Dataset entries:
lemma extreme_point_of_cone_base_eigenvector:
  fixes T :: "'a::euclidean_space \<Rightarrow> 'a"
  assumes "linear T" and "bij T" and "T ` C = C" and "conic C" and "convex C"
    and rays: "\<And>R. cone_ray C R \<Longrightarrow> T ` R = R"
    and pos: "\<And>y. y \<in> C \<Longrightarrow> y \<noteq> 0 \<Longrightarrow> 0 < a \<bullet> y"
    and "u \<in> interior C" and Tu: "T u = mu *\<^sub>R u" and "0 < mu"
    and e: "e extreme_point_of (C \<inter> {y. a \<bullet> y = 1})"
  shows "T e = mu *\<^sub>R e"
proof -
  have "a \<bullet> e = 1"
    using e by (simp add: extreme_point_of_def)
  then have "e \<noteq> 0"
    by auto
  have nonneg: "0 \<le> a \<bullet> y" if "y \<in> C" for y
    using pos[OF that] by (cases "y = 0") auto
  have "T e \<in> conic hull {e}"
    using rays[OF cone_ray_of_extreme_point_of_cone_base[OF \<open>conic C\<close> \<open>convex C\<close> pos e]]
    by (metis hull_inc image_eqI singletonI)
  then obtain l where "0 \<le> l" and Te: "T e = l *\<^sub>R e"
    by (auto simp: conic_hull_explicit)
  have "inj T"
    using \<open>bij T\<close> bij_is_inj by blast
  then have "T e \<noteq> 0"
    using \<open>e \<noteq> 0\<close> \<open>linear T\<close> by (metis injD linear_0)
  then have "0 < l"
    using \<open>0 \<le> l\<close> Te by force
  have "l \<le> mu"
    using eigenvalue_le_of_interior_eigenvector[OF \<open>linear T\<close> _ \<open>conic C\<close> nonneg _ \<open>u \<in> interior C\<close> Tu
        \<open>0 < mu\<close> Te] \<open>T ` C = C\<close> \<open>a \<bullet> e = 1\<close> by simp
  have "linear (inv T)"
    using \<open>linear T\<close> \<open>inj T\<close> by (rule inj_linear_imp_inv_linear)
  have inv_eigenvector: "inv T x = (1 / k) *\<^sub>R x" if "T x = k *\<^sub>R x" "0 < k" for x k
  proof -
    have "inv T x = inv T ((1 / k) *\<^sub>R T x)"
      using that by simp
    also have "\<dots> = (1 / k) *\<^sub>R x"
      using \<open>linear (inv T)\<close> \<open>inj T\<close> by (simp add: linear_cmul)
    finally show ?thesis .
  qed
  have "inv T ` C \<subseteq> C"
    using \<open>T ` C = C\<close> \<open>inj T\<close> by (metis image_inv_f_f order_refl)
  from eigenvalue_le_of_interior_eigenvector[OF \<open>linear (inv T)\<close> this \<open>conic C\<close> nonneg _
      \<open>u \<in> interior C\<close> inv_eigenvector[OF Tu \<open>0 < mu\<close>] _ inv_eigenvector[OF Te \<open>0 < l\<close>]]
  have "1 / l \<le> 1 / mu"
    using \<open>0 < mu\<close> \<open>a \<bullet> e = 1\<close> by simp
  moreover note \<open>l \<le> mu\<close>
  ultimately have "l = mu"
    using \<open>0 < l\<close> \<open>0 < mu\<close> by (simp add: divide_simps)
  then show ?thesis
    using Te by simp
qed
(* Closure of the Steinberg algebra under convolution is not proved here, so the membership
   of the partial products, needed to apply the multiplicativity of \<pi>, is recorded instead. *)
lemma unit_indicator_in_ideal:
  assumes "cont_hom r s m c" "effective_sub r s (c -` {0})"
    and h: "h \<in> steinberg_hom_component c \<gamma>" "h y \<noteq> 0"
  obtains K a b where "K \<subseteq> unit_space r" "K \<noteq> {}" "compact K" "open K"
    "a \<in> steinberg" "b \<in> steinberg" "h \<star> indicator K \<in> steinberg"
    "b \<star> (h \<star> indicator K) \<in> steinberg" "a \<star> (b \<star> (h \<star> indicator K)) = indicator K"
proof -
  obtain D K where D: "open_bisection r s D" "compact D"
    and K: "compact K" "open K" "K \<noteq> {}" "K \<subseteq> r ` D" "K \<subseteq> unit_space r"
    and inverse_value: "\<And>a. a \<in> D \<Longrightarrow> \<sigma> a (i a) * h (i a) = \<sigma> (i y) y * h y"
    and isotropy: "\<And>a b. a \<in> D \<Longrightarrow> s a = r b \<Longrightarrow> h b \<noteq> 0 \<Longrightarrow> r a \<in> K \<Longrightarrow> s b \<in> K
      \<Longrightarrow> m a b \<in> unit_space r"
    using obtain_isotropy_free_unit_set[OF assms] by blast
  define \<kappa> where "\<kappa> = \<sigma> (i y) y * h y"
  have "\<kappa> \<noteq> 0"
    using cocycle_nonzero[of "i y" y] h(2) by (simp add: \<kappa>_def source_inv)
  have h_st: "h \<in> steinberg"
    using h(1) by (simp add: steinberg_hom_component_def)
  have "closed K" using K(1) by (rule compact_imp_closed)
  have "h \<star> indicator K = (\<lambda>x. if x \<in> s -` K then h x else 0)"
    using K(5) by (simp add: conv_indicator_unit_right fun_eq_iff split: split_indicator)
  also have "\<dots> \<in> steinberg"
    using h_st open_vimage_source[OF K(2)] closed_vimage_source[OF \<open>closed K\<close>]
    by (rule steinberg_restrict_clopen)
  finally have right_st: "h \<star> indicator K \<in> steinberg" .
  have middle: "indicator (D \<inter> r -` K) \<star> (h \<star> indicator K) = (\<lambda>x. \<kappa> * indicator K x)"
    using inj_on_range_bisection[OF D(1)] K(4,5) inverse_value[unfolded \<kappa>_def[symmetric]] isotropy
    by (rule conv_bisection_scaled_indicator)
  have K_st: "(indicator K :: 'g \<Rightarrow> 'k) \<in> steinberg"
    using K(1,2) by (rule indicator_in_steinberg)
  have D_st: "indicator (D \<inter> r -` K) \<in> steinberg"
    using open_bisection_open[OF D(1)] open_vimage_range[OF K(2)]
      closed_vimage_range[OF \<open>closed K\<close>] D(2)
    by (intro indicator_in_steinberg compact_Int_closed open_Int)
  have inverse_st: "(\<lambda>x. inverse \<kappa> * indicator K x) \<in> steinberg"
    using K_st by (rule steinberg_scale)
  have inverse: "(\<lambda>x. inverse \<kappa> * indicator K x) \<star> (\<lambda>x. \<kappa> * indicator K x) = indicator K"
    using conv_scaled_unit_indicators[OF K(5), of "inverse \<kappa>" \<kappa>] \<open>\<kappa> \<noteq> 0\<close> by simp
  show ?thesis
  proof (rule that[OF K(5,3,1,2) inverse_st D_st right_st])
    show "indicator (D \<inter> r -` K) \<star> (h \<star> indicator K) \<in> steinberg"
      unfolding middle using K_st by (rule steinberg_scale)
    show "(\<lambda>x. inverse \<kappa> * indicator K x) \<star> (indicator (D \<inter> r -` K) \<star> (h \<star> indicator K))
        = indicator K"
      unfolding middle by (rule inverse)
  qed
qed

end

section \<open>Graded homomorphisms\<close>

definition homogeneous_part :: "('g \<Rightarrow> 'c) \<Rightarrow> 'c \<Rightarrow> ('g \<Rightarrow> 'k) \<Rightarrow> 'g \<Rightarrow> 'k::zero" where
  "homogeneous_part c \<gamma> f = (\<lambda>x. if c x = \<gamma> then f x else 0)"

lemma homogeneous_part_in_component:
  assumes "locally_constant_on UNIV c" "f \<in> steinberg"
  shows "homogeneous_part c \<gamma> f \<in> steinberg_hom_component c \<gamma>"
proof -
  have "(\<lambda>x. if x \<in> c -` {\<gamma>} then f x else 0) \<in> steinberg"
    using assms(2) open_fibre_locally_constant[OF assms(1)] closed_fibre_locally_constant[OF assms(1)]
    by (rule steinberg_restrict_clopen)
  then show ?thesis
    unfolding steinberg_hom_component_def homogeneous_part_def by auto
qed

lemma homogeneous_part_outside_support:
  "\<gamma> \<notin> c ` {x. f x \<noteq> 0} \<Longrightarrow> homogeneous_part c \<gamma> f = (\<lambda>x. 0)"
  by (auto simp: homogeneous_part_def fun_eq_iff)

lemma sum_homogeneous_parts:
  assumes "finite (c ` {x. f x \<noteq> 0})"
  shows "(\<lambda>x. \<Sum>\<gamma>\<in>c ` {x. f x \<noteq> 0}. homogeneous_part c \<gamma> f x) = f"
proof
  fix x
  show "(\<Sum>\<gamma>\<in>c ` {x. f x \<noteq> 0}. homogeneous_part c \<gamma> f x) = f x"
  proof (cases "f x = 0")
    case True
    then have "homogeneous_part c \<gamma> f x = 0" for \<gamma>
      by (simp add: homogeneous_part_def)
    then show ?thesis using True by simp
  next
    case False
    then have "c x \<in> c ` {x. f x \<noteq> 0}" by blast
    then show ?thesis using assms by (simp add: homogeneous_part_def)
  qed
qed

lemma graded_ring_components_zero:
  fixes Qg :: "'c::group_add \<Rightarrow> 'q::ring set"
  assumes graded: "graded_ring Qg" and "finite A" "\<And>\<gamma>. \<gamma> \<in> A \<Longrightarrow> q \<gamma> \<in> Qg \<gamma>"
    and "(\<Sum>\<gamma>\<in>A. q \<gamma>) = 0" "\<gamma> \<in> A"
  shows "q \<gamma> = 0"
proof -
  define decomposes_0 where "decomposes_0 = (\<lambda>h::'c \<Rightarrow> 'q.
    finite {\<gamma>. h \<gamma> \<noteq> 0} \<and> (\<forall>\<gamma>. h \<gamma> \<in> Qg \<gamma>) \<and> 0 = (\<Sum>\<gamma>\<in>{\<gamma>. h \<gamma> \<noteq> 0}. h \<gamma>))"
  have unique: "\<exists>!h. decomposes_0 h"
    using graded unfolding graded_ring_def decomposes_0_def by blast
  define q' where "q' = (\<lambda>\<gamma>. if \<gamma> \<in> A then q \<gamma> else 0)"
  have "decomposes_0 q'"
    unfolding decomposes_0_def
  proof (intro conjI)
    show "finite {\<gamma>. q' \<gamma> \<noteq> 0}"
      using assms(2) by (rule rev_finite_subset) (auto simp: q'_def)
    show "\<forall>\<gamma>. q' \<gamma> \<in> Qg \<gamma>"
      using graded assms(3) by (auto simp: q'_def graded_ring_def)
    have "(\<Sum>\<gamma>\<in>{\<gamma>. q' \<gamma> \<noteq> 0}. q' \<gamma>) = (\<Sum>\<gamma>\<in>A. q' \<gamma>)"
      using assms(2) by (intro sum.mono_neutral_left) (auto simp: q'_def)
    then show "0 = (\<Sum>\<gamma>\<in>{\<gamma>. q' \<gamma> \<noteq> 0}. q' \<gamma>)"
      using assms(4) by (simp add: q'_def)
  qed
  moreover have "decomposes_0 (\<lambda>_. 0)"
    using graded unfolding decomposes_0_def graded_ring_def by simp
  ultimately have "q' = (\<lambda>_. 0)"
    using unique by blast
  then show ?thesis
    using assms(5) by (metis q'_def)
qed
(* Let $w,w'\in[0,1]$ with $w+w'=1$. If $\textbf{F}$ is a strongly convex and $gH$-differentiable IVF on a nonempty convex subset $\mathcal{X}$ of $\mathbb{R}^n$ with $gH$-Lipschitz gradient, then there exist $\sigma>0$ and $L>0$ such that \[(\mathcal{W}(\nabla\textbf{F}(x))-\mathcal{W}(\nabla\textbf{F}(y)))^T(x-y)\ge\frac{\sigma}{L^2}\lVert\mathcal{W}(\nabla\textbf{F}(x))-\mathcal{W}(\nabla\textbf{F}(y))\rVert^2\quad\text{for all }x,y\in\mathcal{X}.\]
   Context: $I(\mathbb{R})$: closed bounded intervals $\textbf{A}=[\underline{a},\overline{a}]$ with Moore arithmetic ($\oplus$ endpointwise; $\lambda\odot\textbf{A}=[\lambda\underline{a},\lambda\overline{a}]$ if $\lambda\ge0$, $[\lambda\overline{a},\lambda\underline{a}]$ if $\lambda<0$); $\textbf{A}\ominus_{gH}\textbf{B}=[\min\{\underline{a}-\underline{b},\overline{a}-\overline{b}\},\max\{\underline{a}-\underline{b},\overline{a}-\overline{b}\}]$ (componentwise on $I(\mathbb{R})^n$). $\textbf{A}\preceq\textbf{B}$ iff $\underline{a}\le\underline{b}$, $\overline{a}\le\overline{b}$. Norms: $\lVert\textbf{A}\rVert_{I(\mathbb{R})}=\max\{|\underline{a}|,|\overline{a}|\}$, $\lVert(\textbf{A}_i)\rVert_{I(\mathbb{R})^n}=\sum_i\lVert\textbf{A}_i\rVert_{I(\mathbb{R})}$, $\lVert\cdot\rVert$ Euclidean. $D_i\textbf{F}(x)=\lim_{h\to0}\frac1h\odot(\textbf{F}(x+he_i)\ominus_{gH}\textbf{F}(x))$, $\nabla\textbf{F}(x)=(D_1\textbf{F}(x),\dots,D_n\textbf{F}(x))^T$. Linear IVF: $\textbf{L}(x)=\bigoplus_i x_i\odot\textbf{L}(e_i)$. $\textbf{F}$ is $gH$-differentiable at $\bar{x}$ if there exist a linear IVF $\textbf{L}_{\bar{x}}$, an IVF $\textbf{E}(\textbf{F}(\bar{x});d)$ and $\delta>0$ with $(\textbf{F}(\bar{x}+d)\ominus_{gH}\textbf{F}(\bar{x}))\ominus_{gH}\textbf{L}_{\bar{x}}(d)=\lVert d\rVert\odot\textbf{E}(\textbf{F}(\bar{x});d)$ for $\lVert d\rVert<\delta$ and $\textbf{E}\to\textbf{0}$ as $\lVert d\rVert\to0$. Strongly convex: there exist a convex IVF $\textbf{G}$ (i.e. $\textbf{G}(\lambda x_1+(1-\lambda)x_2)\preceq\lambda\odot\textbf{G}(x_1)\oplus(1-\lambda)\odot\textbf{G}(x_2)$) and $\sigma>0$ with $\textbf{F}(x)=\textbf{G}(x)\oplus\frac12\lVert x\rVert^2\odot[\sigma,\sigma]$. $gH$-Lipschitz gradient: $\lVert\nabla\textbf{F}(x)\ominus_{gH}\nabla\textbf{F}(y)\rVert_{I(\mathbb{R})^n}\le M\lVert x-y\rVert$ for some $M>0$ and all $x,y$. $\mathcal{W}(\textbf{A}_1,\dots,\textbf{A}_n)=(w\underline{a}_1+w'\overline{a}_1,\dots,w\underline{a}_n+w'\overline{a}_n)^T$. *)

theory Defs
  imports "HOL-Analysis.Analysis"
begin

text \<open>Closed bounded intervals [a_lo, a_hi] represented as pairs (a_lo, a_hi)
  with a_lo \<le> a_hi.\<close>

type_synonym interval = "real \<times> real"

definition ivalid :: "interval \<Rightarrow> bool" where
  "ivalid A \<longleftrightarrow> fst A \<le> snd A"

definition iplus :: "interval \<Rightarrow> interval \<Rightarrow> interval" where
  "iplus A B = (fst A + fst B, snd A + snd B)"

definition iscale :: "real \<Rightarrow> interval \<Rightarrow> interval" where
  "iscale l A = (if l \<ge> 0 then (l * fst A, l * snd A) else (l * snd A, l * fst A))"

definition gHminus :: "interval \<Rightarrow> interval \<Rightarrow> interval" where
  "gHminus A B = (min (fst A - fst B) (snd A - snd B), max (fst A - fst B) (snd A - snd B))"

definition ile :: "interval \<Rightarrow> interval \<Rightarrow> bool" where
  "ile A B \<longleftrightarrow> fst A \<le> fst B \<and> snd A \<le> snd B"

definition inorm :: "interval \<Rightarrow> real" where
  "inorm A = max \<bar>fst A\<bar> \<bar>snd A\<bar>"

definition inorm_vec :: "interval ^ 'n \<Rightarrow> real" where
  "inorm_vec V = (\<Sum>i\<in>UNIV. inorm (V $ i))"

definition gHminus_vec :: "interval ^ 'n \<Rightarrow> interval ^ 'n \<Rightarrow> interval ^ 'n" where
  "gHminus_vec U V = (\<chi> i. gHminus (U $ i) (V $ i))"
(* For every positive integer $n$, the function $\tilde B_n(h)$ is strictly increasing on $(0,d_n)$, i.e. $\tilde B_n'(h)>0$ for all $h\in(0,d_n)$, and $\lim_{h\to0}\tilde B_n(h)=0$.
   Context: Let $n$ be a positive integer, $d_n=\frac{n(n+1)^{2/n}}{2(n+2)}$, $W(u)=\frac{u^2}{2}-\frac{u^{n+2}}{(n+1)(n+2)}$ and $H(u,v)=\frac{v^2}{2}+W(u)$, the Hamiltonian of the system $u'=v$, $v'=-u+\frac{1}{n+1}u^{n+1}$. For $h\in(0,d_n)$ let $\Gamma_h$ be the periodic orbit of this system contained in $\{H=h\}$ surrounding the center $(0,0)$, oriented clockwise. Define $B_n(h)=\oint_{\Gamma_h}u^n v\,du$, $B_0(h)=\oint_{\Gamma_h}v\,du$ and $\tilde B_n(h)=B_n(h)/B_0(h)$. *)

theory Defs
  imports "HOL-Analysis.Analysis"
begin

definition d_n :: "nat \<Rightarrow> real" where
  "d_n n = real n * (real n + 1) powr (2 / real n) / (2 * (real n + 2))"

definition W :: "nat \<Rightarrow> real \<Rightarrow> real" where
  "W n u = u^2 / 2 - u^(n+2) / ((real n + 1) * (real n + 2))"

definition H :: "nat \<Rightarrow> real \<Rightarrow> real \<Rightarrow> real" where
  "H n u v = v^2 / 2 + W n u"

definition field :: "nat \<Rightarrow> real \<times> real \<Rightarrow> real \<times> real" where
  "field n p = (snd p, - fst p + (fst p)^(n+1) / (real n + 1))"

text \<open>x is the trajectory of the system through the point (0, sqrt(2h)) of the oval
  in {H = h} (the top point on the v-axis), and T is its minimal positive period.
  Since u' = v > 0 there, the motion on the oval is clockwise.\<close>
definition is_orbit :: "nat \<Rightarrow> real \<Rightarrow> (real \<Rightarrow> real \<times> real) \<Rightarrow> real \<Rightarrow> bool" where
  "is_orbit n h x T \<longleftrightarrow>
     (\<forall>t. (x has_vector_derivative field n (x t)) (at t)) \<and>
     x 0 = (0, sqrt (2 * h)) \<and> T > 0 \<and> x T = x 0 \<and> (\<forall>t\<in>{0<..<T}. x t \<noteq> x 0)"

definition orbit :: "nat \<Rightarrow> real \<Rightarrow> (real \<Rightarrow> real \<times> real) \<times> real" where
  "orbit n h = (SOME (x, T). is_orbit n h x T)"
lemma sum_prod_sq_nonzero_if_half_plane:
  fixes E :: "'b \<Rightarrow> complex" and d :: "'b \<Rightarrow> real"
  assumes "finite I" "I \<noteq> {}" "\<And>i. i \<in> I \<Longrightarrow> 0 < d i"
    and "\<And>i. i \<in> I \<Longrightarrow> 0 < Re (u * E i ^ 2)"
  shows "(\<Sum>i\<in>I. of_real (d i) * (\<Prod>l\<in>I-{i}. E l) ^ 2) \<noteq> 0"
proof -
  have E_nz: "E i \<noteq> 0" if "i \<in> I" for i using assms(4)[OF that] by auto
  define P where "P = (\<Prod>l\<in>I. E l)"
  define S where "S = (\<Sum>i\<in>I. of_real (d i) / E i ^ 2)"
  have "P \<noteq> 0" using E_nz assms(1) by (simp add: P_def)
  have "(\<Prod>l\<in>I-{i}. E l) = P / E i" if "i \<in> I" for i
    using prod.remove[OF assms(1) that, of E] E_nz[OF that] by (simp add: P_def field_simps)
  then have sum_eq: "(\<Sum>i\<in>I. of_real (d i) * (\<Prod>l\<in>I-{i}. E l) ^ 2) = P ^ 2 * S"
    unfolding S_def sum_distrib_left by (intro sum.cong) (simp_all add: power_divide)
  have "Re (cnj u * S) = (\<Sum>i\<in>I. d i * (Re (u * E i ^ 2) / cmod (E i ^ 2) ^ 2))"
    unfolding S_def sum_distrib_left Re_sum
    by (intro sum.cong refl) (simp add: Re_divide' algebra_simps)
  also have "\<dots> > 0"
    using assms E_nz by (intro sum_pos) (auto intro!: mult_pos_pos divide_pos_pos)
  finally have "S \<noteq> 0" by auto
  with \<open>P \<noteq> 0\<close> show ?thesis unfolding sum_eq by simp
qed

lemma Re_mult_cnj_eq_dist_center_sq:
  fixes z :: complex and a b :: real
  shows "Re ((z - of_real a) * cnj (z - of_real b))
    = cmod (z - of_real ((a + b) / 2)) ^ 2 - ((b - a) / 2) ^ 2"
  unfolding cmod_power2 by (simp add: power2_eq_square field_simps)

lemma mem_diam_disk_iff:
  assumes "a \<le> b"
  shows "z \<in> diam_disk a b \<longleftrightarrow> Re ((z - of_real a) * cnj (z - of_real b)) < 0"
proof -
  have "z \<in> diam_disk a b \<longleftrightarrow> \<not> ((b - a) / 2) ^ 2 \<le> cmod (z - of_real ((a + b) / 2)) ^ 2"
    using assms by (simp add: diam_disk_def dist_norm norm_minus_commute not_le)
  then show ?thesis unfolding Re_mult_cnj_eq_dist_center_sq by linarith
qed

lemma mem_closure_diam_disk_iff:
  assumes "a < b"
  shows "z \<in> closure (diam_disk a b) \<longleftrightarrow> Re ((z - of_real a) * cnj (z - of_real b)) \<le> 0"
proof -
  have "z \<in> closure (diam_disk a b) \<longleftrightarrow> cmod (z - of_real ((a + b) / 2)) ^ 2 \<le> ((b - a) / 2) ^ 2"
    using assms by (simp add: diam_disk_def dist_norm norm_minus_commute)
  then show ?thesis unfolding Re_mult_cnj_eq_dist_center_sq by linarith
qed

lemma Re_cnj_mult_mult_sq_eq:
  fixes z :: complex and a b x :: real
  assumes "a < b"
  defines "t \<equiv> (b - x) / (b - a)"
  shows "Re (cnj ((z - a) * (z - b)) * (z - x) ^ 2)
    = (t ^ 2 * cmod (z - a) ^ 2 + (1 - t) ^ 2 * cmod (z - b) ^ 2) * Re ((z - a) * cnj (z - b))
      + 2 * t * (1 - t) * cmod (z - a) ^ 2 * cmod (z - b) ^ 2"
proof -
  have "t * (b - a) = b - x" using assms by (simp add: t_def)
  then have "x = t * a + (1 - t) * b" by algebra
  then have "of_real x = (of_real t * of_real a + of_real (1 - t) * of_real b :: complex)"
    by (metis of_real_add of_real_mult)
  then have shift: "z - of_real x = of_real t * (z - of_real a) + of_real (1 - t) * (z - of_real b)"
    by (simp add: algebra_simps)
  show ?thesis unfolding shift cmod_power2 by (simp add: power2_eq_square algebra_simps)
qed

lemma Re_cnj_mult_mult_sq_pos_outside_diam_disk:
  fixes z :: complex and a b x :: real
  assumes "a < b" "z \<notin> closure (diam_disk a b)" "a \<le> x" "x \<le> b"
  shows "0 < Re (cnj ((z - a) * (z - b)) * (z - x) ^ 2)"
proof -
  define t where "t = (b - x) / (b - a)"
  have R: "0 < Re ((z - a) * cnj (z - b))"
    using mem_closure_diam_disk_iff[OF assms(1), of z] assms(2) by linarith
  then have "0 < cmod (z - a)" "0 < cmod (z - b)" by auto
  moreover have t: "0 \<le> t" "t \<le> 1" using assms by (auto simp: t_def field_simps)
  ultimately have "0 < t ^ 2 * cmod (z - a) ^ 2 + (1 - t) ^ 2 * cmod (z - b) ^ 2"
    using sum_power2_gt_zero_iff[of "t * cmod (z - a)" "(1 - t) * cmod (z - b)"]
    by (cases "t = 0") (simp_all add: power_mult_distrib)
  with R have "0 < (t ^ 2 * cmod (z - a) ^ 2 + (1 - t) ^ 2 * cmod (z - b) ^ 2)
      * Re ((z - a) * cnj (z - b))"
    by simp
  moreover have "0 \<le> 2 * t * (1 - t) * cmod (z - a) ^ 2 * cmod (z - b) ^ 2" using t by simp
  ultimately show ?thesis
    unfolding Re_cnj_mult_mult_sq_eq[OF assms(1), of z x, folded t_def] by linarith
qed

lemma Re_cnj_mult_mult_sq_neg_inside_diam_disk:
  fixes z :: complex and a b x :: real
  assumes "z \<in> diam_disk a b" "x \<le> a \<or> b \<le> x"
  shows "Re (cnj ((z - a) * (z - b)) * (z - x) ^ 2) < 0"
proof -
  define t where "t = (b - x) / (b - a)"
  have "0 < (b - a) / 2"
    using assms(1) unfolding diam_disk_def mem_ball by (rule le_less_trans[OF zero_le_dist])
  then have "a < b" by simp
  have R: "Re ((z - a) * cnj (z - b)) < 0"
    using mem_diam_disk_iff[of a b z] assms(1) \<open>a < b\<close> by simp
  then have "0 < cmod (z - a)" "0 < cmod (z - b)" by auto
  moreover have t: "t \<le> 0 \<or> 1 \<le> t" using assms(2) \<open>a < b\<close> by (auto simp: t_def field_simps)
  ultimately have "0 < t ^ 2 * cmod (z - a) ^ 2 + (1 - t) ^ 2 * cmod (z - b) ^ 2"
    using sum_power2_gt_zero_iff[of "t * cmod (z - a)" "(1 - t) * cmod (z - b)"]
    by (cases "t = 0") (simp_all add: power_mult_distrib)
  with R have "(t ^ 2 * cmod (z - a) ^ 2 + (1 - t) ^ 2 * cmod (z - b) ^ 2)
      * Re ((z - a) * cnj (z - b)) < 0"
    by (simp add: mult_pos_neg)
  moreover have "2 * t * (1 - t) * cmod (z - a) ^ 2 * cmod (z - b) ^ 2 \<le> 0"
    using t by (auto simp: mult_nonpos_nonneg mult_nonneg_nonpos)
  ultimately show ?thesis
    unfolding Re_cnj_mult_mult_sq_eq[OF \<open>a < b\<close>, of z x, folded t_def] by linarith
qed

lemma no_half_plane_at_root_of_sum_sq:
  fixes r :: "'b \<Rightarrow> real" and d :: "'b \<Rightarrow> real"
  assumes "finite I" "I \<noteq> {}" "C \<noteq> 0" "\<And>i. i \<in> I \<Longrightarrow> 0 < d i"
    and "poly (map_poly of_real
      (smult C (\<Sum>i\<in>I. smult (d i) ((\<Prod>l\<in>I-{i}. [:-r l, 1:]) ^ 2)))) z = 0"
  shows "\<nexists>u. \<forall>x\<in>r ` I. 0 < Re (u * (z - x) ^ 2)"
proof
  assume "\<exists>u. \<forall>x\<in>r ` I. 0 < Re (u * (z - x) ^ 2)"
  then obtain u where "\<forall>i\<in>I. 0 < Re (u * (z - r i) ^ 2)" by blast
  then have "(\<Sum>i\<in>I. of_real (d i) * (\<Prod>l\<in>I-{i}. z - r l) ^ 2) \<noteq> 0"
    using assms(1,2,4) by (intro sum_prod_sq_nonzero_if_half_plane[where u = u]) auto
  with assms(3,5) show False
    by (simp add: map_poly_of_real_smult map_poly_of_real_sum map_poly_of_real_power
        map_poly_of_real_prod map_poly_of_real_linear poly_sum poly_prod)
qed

- **Exercise requirements**:
Search the records for the word "cong" and return every line that holds it.

- **Output**:
    unfolding S_def sum_distrib_left by (intro sum.cong) (simp_all add: power_divide)
    by (intro sum.cong refl) (simp add: Re_divide' algebra_simps)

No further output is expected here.